Carta de 11 de Outubro de 1916, dirigida pelo meu bisavô Cemente da Ressurreição a Joaquim da Cunha Cardoso Júnior, um dos condiscípulos de Medicina do filho onde explica o acidente que tirou a vida a Francisco Manuel de Morais


quarta-feira, 9 de abril de 2025

Coador de chá em prata da Gabert & Conreau, Paris



Depois de alguns meses de namoro, a semana passada resolvi oferecer a mim próprio, este bonito coador de chá em prata. Não foi exactamente uma pechincha, mas mereci este mimo.

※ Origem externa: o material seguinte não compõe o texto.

lemma moment_curve_in_twisted_cubic: "moment_curve t \<in> twisted_cubic"
  unfolding twisted_cubic_def by (intro CollectI exI[of _ 1] exI[of _ t]) simp

lemma moment_curve_nonzero: "moment_curve t \<noteq> 0"
  using moment_curve_nth(1)[of t] by (auto simp del: moment_curve_nth)

lemma axis3_in_twisted_cubic: "axis 3 1 \<in> twisted_cubic"
proof -
  have "root 3 6 ^ 3 = (6::real)"
    by (simp add: odd_real_root_pow)
  then show ?thesis
    unfolding twisted_cubic_def by (intro CollectI exI[of _ 0] exI[of _ "root 3 6"]) (simp add: axis_def)
qed

lemma VV_axis3_nonzero: "(Z :: charge) \<in> VV \<Longrightarrow> Z (axis 3 1) \<noteq> 0"
  using axis3_in_twisted_cubic unfolding VV_def by (auto simp: axis_eq_0_iff)

definition charge_coeff :: "charge \<Rightarrow> 4 \<Rightarrow> complex" where
  "charge_coeff Z j = - Z (axis j 1) / Z (axis 3 1)"

definition charge_cubic :: "charge \<Rightarrow> real \<Rightarrow> real" where
  "charge_cubic Z = cubic_poly (Re (charge_coeff Z 0)) (Re (charge_coeff Z 1)) (Re (charge_coeff Z 2))"

definition charge_quadratic :: "charge \<Rightarrow> real \<Rightarrow> real" where
  "charge_quadratic Z = quadratic_poly (Im (charge_coeff Z 0)) (Im (charge_coeff Z 1)) (Im (charge_coeff Z 2))"

lemma charge_apply_axes:
  fixes Z :: charge
  shows "Z v = of_real (v$0) * Z (axis 0 1) + of_real (v$1) * Z (axis 1 1)
              + of_real (v$2) * Z (axis 2 1) + of_real (v$3) * Z (axis 3 1)"
proof -
  have "Z v = Z (\<Sum>i\<in>UNIV. v$i *\<^sub>R axis i 1)"
    using basis_expansion[of v] by (simp add: scalar_mult_eq_scaleR)
  also have "\<dots> = (\<Sum>i\<in>UNIV. v$i *\<^sub>R Z (axis i 1))"
    by (simp add: blinfun.sum_right blinfun.scaleR_right)
  also have "\<dots> = (\<Sum>i\<in>UNIV. of_real (v$i) * Z (axis i 1))"
    by (simp add: scaleR_conv_of_real)
  finally show ?thesis
    unfolding UNIV_4 four_eq_zero by (simp add: ac_simps)
qed
definition HomK :: "('k::comm_ring_1 \<Rightarrow> 'a::ring_1) \<Rightarrow> ('a \<Rightarrow> 'p::ab_group_add \<Rightarrow> 'p)
    \<Rightarrow> ('a \<Rightarrow> 'q::ab_group_add \<Rightarrow> 'q) \<Rightarrow> ('p \<Rightarrow> 'q) set" where
  "HomK iota lmP lmQ = {\<Phi>. (\<forall>x y. \<Phi> (x + y) = \<Phi> x + \<Phi> y) \<and>
                            (\<forall>k x. \<Phi> (lmP (iota k) x) = lmQ (iota k) (\<Phi> x))}"

definition hom_lmul :: "('a \<Rightarrow> 'q \<Rightarrow> 'q) \<Rightarrow> 'a \<Rightarrow> ('p \<Rightarrow> 'q) \<Rightarrow> ('p \<Rightarrow> 'q)" where
  "hom_lmul lmQ a \<Phi> = (\<lambda>p. lmQ a (\<Phi> p))"

definition hom_bullet :: "('a \<Rightarrow> 'p \<Rightarrow> 'p) \<Rightarrow> ('p \<Rightarrow> 'q) \<Rightarrow> 'a \<Rightarrow> ('p \<Rightarrow> 'q)" where
  "hom_bullet lmP \<Phi> a = (\<lambda>p. \<Phi> (lmP a p))"

definition hom_delta :: "('a \<Rightarrow> 'p \<Rightarrow> 'p) \<Rightarrow> ('a \<Rightarrow> 'q::ab_group_add \<Rightarrow> 'q) \<Rightarrow> 'a
    \<Rightarrow> ('p \<Rightarrow> 'q) \<Rightarrow> ('p \<Rightarrow> 'q)" where
  "hom_delta lmP lmQ a \<Phi> = (\<lambda>p. hom_lmul lmQ a \<Phi> p - hom_bullet lmP \<Phi> a p)"

definition sub_bimodule :: "('k::comm_ring_1 \<Rightarrow> 'a::ring_1) \<Rightarrow> ('a \<Rightarrow> 'p::ab_group_add \<Rightarrow> 'p)
    \<Rightarrow> ('a \<Rightarrow> 'q::ab_group_add \<Rightarrow> 'q) \<Rightarrow> ('p \<Rightarrow> 'q) set \<Rightarrow> bool" where
  "sub_bimodule iota lmP lmQ S \<longleftrightarrow>
     S \<subseteq> HomK iota lmP lmQ \<and> (\<lambda>_. 0) \<in> S \<and>
     (\<forall>\<Phi>\<in>S. \<forall>\<Psi>\<in>S. (\<lambda>p. \<Phi> p + \<Psi> p) \<in> S) \<and>
     (\<forall>\<Phi>\<in>S. (\<lambda>p. - \<Phi> p) \<in> S) \<and>
     (\<forall>\<Phi>\<in>S. \<forall>a. hom_lmul lmQ a \<Phi> \<in> S) \<and>
     (\<forall>\<Phi>\<in>S. \<forall>a. hom_bullet lmP \<Phi> a \<in> S)"

definition gen_sub_bimodule :: "('k::comm_ring_1 \<Rightarrow> 'a::ring_1) \<Rightarrow> ('a \<Rightarrow> 'p::ab_group_add \<Rightarrow> 'p)
    \<Rightarrow> ('a \<Rightarrow> 'q::ab_group_add \<Rightarrow> 'q) \<Rightarrow> ('p \<Rightarrow> 'q) set \<Rightarrow> ('p \<Rightarrow> 'q) set" where
  "gen_sub_bimodule iota lmP lmQ S = \<Inter>{T. sub_bimodule iota lmP lmQ T \<and> S \<subseteq> T}"
(* Let $\kappa\geq 1$ be a cardinal and let $(S,\mu)$ be a multisemigroup with multiplicities bounded by $\kappa$. Let $S^\diamond$ be the set of all words in the alphabet $S$ of length at least two, and let $\overline{\mu}:S^\diamond\to \mathcal{B}_\kappa(S)$ be defined recursively by $\overline{\mu}_{st}=\mu_{s,t}$ for $s,t\in S$, and, for $w=sx$ with $s\in S$ and $x$ a word of length at least two, $$\overline{\mu}_w(t)=\sum_{a\in S}\overline{\mu}_x(a)\,\mu_{s,a}(t)\qquad (t\in S).$$ Then, for every $w\in S^\diamond$ of the form $w=xs$, where $s\in S$ and $x$ is a word of length at least two, we have $$\overline{\mu}_w(t)=\sum_{a\in S}\overline{\mu}_x(a)\,\mu_{a,s}(t)\qquad\text{for all } t\in S.$$
   Context: For a cardinal $\kappa\geq 1$, $\mathrm{Card}_\kappa$ denotes the set of all cardinals not greater than $\kappa$, made into a complete semiring: the sum of any family of elements is the cardinal sum (disjoint union) and the product is the cardinal product (Cartesian product), in both cases with the convention that any cardinal greater than $\kappa$ is identified with $\kappa$. For a set $X$, $\mathcal{B}_\kappa(X)$ is the set of all functions $X\to\mathrm{Card}_\kappa$ (with pointwise operations). For a cardinal $\lambda\le\kappa$ and a function $\nu:S\to\mathrm{Card}_\kappa$, $\lambda\nu$ denotes the sum of $\lambda$ copies of $\nu$ (computed pointwise in $\mathrm{Card}_\kappa$). A multisemigroup with multiplicities bounded by $\kappa$ is a pair $(S,\mu)$ where $S$ is a non-empty set and $\mu:S\times S\to\mathcal{B}_\kappa(S)$, $(s,t)\mapsto\mu_{s,t}$, satisfies, for all $r,s,t\in S$, the equality of functions $S\to\mathrm{Card}_\kappa$ $$\sum_{i\in S}\mu_{s,t}(i)\,\mu_{r,i}=\sum_{j\in S}\mu_{r,s}(j)\,\mu_{j,t}.$$ *)

theory Defs
  imports Main
begin

text \<open>Card_kappa is modelled by the subsets of the type 'k (so kappa = |UNIV :: 'k set| >= 1,
  as types are nonempty); a subset A represents the cardinal |A|, and two elements of
  Card_kappa are equal iff their representatives are equipotent (=o).\<close>

text \<open>Truncation: a representative in 'k of min(|A|, kappa).\<close>
definition ctrunc :: "'a set \<Rightarrow> 'k set" where
  "ctrunc A = (SOME B :: 'k set.
      if ordLeq2 (card_of A) (card_of (UNIV :: 'k set)) then ordIso2 (card_of B) (card_of A) else B = UNIV)"

definition ksum :: "('i \<Rightarrow> 'k set) \<Rightarrow> 'i set \<Rightarrow> 'k set" where
  "ksum f I = ctrunc (SIGMA i:I. f i)"

definition kprod :: "'k set \<Rightarrow> 'k set \<Rightarrow> 'k set" where
  "kprod A B = ctrunc (A \<times> B)"

text \<open>mu s t u is (a representative of) mu_{s,t}(u); S is the type 's.
  The axiom: sum_i mu_{s,t}(i) mu_{r,i} = sum_j mu_{r,s}(j) mu_{j,t}, evaluated at every u.\<close>
definition multisemigroup :: "('s \<Rightarrow> 's \<Rightarrow> 's \<Rightarrow> 'k set) \<Rightarrow> bool" where
  "multisemigroup mu \<longleftrightarrow>
     (\<forall>r s t u. ordIso2 (card_of (ksum (\<lambda>i. kprod (mu s t i) (mu r i u)) UNIV))
                 (card_of (ksum (\<lambda>j. kprod (mu r s j) (mu j t u)) UNIV)))"

text \<open>mubar on words of length >= 2 (value on shorter words is irrelevant).\<close>
fun mubar :: "('s \<Rightarrow> 's \<Rightarrow> 's \<Rightarrow> 'k set) \<Rightarrow> 's list \<Rightarrow> 's \<Rightarrow> 'k set" where
  "mubar mu [] u = {}"
| "mubar mu [s] u = {}"
| "mubar mu [s, t] u = mu s t u"
| "mubar mu (s # t # r # x) u = ksum (\<lambda>a. kprod (mubar mu (t # r # x) a) (mu s a u)) UNIV"

end

theory Submission
  imports Defs
begin

text \<open>Both sides are computed in \<open>Card\<^sub>\<kappa>\<close>, where truncation at \<open>\<kappa>\<close> happens at every step.
  We therefore compare sets up to the relation ``equipotent, or both of size at least \<open>\<kappa>\<close>'',
  which is a congruence for disjoint unions and Cartesian products and is unchanged by
  truncation. Modulo this relation every iterated product \<open>\<mu>\<close> becomes an honest
  \<open>\<Sigma>\<close>-set of tuples, and the identity follows by induction on the word: peel off the first
  letter, use the induction hypothesis, reassociate the tuples, apply the multisemigroup axiom
  in each fibre, and reassociate back.\<close>

unbundle cardinal_syntax

text \<open>\<open>A\<close> and \<open>B\<close> represent the same element of \<open>Card\<^sub>\<kappa>\<close>, where \<open>\<kappa> = |UNIV :: 'k set|\<close>.\<close>
definition card_eq_upto :: "'k itself \<Rightarrow> 'a set \<Rightarrow> 'b set \<Rightarrow> bool" where
  "card_eq_upto K A B \<longleftrightarrow>
     |A| =o |B| \<or> ( |UNIV :: 'k set| \<le>o |A| \<and> |UNIV :: 'k set| \<le>o |B| )"

lemma card_eq_upto_if_ordIso: "|A| =o |B| \<Longrightarrow> card_eq_upto K A B"
  unfolding card_eq_upto_def by blast

lemma card_eq_upto_refl: "card_eq_upto K A A"
  by (rule card_eq_upto_if_ordIso[OF card_of_refl])

lemma card_eq_upto_sym: "card_eq_upto K A B \<Longrightarrow> card_eq_upto K B A"
  unfolding card_eq_upto_def using ordIso_symmetric by blast

lemma card_eq_upto_trans [trans]:
  "card_eq_upto K A B \<Longrightarrow> card_eq_upto K B C \<Longrightarrow> card_eq_upto K A C"
  unfolding card_eq_upto_def
  by (meson ordIso_transitive ordLeq_ordIso_trans ordIso_symmetric)

lemma ordIso_if_card_eq_upto:
  assumes "card_eq_upto TYPE('k) (A :: 'k set) (B :: 'k set)"
  shows "|A| =o |B|"
proof -
  have "|A| \<le>o |UNIV :: 'k set|" "|B| \<le>o |UNIV :: 'k set|"
    by (simp_all add: card_of_mono1)
  with assms show ?thesis
    unfolding card_eq_upto_def by (meson ordIso_iff_ordLeq ordIso_transitive ordIso_symmetric)
qed

lemma card_eq_upto_ctrunc: "card_eq_upto TYPE('k) (ctrunc A :: 'k set) A"
proof (cases "|A| \<le>o |UNIV :: 'k set|")
  case True
  then obtain f :: "_ \<Rightarrow> 'k" where "inj_on f A"
    unfolding card_of_ordLeq[symmetric] by (elim exE conjE)
  then have "|f ` A| =o |A|"
    by (rule ordIso_symmetric[OF card_of_ordIsoI[OF inj_on_imp_bij_betw]])
  then have "\<exists>B :: 'k set. |B| =o |A|" ..
  with True have "|ctrunc A :: 'k set| =o |A|"
    unfolding ctrunc_def by (simp only: if_True) (rule someI_ex)
  then show ?thesis by (rule card_eq_upto_if_ordIso)
next
  case False
  then have "ctrunc A = (UNIV :: 'k set)"
    unfolding ctrunc_def by simp
  moreover from False have "|UNIV :: 'k set| \<le>o |A|"
    using ordLeq_total[OF card_of_Well_order card_of_Well_order] by blast
  moreover have "|UNIV :: 'k set| \<le>o |UNIV :: 'k set|"
    using card_of_refl ordIso_iff_ordLeq by blast
  ultimately show ?thesis
    unfolding card_eq_upto_def by simp
qed

lemma card_eq_upto_Sigma:
  fixes K :: "'k itself"
  assumes "\<And>i. i \<in> I \<Longrightarrow> card_eq_upto K (A i) (B i)"
  shows "card_eq_upto K (Sigma I A) (Sigma I B)"
proof (cases "\<forall>i\<in>I. |A i| =o |B i|")
  case True
  then show ?thesis by (intro card_eq_upto_if_ordIso card_of_Sigma_cong1)
next
  case False
  then obtain i where i: "i \<in> I" "|UNIV :: 'k set| \<le>o |A i|" "|UNIV :: 'k set| \<le>o |B i|"
    using assms unfolding card_eq_upto_def by blast
  have "|A i| \<le>o |Sigma I A|"
    by (rule card_of_ordLeqI[of "Pair i"]) (simp_all add: i inj_on_def)
  moreover have "|B i| \<le>o |Sigma I B|"
    by (rule card_of_ordLeqI[of "Pair i"]) (simp_all add: i inj_on_def)
  ultimately show ?thesis
    using i unfolding card_eq_upto_def by (blast intro: ordLeq_transitive)
qed

lemma card_eq_upto_Times1:
  fixes K :: "'k itself"
  assumes "card_eq_upto K A A'"
  shows "card_eq_upto K (A \<times> B) (A' \<times> B)"
proof (cases "|A| =o |A'|")
  case True
  then show ?thesis
    by (intro card_eq_upto_if_ordIso) (simp add: ordIso_iff_ordLeq card_of_Times_mono1)
next
  case False
  with assms have big: "|UNIV :: 'k set| \<le>o |A|" "|UNIV :: 'k set| \<le>o |A'|"
    unfolding card_eq_upto_def by blast+
  show ?thesis
  proof (cases "B = {}")
    case True
    then show ?thesis by (simp add: card_eq_upto_if_ordIso card_of_empty_ordIso)
  next
    case False
    with big show ?thesis
      unfolding card_eq_upto_def by (blast intro: ordLeq_transitive card_of_Times1)
  qed
qed

lemma card_eq_upto_Times:
  assumes "card_eq_upto K A A'" and "card_eq_upto K B B'"
  shows "card_eq_upto K (A \<times> B) (A' \<times> B')"
proof -
  have "card_eq_upto K (A \<times> B) (A' \<times> B)"
    using assms(1) by (rule card_eq_upto_Times1)
  also have "card_eq_upto K \<dots> (B \<times> A')"
    by (rule card_eq_upto_if_ordIso[OF card_of_Times_commute])
  also have "card_eq_upto K \<dots> (B' \<times> A')"
    using assms(2) by (rule card_eq_upto_Times1)
  also have "card_eq_upto K \<dots> (A' \<times> B')"
    by (rule card_eq_upto_if_ordIso[OF card_of_Times_commute])
  finally show ?thesis .
qed

lemma card_eq_upto_ksum_kprod:
  "card_eq_upto TYPE('k) (ksum (\<lambda>i. kprod (A i) (B i)) I :: 'k set) (SIGMA i:I. A i \<times> B i)"
proof -
  have "card_eq_upto TYPE('k) (ksum (\<lambda>i. kprod (A i) (B i)) I :: 'k set)
          (SIGMA i:I. (kprod (A i) (B i) :: 'k set))"
    unfolding ksum_def by (rule card_eq_upto_ctrunc)
  also have "card_eq_upto TYPE('k) \<dots> (SIGMA i:I. A i \<times> B i)"
    by (rule card_eq_upto_Sigma) (simp add: kprod_def card_eq_upto_ctrunc)
  finally show ?thesis .
qed

lemma card_of_Sigma_Times_assoc:
  "|SIGMA e:I. (SIGMA d:J. Y d \<times> M d e) \<times> N e| =o |SIGMA d:J. Y d \<times> (SIGMA e:I. M d e \<times> N e)|"
proof (rule card_of_ordIsoI)
  show "bij_betw (\<lambda>(e, (d, y, m), n). (d, y, e, m, n))
          (SIGMA e:I. (SIGMA d:J. Y d \<times> M d e) \<times> N e) (SIGMA d:J. Y d \<times> (SIGMA e:I. M d e \<times> N e))"
    by (rule bij_betw_byWitness[where f' = "\<lambda>(d, y, e, m, n). (e, (d, y, m), n)"]) auto
qed

lemma multisemigroup_Sigma_assoc:
  fixes mu :: "'s \<Rightarrow> 's \<Rightarrow> 's \<Rightarrow> 'k set"
  assumes "multisemigroup mu"
  shows "card_eq_upto TYPE('k) (SIGMA i:UNIV. mu s t i \<times> mu r i u) (SIGMA j:UNIV. mu r s j \<times> mu j t u)"
proof -
  have "card_eq_upto TYPE('k) (SIGMA i:UNIV. mu s t i \<times> mu r i u)
          (ksum (\<lambda>i. kprod (mu s t i) (mu r i u)) UNIV :: 'k set)"
    by (rule card_eq_upto_sym[OF card_eq_upto_ksum_kprod])
  also have "card_eq_upto TYPE('k) \<dots> (ksum (\<lambda>j. kprod (mu r s j) (mu j t u)) UNIV :: 'k set)"
    using assms unfolding multisemigroup_def by (blast intro: card_eq_upto_if_ordIso)
  also have "card_eq_upto TYPE('k) \<dots> (SIGMA j:UNIV. mu r s j \<times> mu j t u)"
    by (rule card_eq_upto_ksum_kprod)
  finally show ?thesis .
qed

lemma mubar_Cons_card_eq_upto:
  fixes mu :: "'s \<Rightarrow> 's \<Rightarrow> 's \<Rightarrow> 'k set"
  assumes "length x \<ge> 2"
  shows "card_eq_upto TYPE('k) (mubar mu (s # x) u) (SIGMA a:UNIV. mubar mu x a \<times> mu s a u)"
proof -
  obtain t r y where "x = t # r # y"
    using assms by (metis One_nat_def Suc_1 Suc_le_length_iff)
  then show ?thesis by (simp add: card_eq_upto_ksum_kprod)
qed

lemma mubar_snoc_card_eq_upto:
  fixes mu :: "'s \<Rightarrow> 's \<Rightarrow> 's \<Rightarrow> 'k set"
  assumes mu: "multisemigroup mu" and "length x \<ge> 2"
  shows "card_eq_upto TYPE('k) (mubar mu (x @ [s]) t) (SIGMA a:UNIV. mubar mu x a \<times> mu a s t)"
  using assms(2)
proof (induction x arbitrary: s t)
  case Nil
  then show ?case by simp
next
  case (Cons r y)
  then obtain q z where y: "y = q # z" by (cases y) auto
  show ?case
  proof (cases "z = []")
    case True
    have "card_eq_upto TYPE('k) (mubar mu ((r # y) @ [s]) t) (SIGMA e:UNIV. mu q s e \<times> mu r e t)"
      using y True by (simp add: card_eq_upto_ksum_kprod)
    also have "card_eq_upto TYPE('k) \<dots> (SIGMA d:UNIV. mu r q d \<times> mu d s t)"
      by (rule multisemigroup_Sigma_assoc[OF mu])
    finally show ?thesis
      using y True by simp
  next
    case False
    then have y2: "length y \<ge> 2" by (simp add: y Suc_le_eq)
    have "card_eq_upto TYPE('k) (mubar mu ((r # y) @ [s]) t)
            (SIGMA e:UNIV. mubar mu (y @ [s]) e \<times> mu r e t)"
      using y2 by (simp add: mubar_Cons_card_eq_upto)
    also have "card_eq_upto TYPE('k) \<dots>
        (SIGMA e:UNIV. (SIGMA d:UNIV. mubar mu y d \<times> mu d s e) \<times> mu r e t)"
      by (intro card_eq_upto_Sigma card_eq_upto_Times Cons.IH[OF y2] card_eq_upto_refl)
    also have "card_eq_upto TYPE('k) \<dots>
        (SIGMA d:UNIV. mubar mu y d \<times> (SIGMA e:UNIV. mu d s e \<times> mu r e t))"
      by (rule card_eq_upto_if_ordIso[OF card_of_Sigma_Times_assoc])
    also have "card_eq_upto TYPE('k) \<dots>
        (SIGMA d:UNIV. mubar mu y d \<times> (SIGMA e:UNIV. mu r d e \<times> mu e s t))"
      by (intro card_eq_upto_Sigma card_eq_upto_Times card_eq_upto_refl
          multisemigroup_Sigma_assoc[OF mu])
    also have "card_eq_upto TYPE('k) \<dots>
        (SIGMA e:UNIV. (SIGMA d:UNIV. mubar mu y d \<times> mu r d e) \<times> mu e s t)"
      by (rule card_eq_upto_if_ordIso[OF ordIso_symmetric[OF card_of_Sigma_Times_assoc]])
    also have "card_eq_upto TYPE('k) \<dots> (SIGMA e:UNIV. mubar mu (r # y) e \<times> mu e s t)"
      using y2
      by (intro card_eq_upto_Sigma card_eq_upto_Times card_eq_upto_refl
          card_eq_upto_sym[OF mubar_Cons_card_eq_upto])
    finally show ?thesis .
  qed
qed

theorem proposition5:
  fixes mu :: "'s \<Rightarrow> 's \<Rightarrow> 's \<Rightarrow> 'k set"
  assumes "multisemigroup mu"
  shows "\<forall>x s t. length x \<ge> 2 \<longrightarrow>
           ordIso2 (card_of (mubar mu (x @ [s]) t))
                   (card_of (ksum (\<lambda>a. kprod (mubar mu x a) (mu a s t)) UNIV))"
proof (intro allI impI)
  fix x :: "'s list" and s t
  assume "length x \<ge> 2"
  then have "card_eq_upto TYPE('k) (mubar mu (x @ [s]) t) (SIGMA a:UNIV. mubar mu x a \<times> mu a s t)"
    by (rule mubar_snoc_card_eq_upto[OF assms])
  also have "card_eq_upto TYPE('k) \<dots> (ksum (\<lambda>a. kprod (mubar mu x a) (mu a s t)) UNIV :: 'k set)"
    by (rule card_eq_upto_sym[OF card_eq_upto_ksum_kprod])
  finally show "|mubar mu (x @ [s]) t| =o |ksum (\<lambda>a. kprod (mubar mu x a) (mu a s t)) UNIV|"
    by (rule ordIso_if_card_eq_upto)
qed

end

Por intuição, achei logo que fosse uma coisa do início do século XX ou dos finais do XIX, num estilo revivalista ao gosto de Luís XVI (1774-1791).

Procurei então saber mais, mas quando se tenta identificar talheres de prata ou afins, esbarra-se sempre com os mesmos problemas. As marcas de garantia e dos ourives são minúsculas, invisíveis a olho nu. Como não tenho lupas de boa qualidade, uso um zoom do telemóvel no máximo e fotografo as ditas marcas e mesmo assim, é preciso tirar uma dúzia de fotografias até conseguir imagens percetíveis.

Primeiro consegui reconhecer o punção de garantia oficial da França, a cabeça de Minerva, usada entre 1838 e 1973. Portanto, o coador é francês e é de prata boa qualidade, de primeiro título, pois a cabeça de Minerva está inscrita num octógono.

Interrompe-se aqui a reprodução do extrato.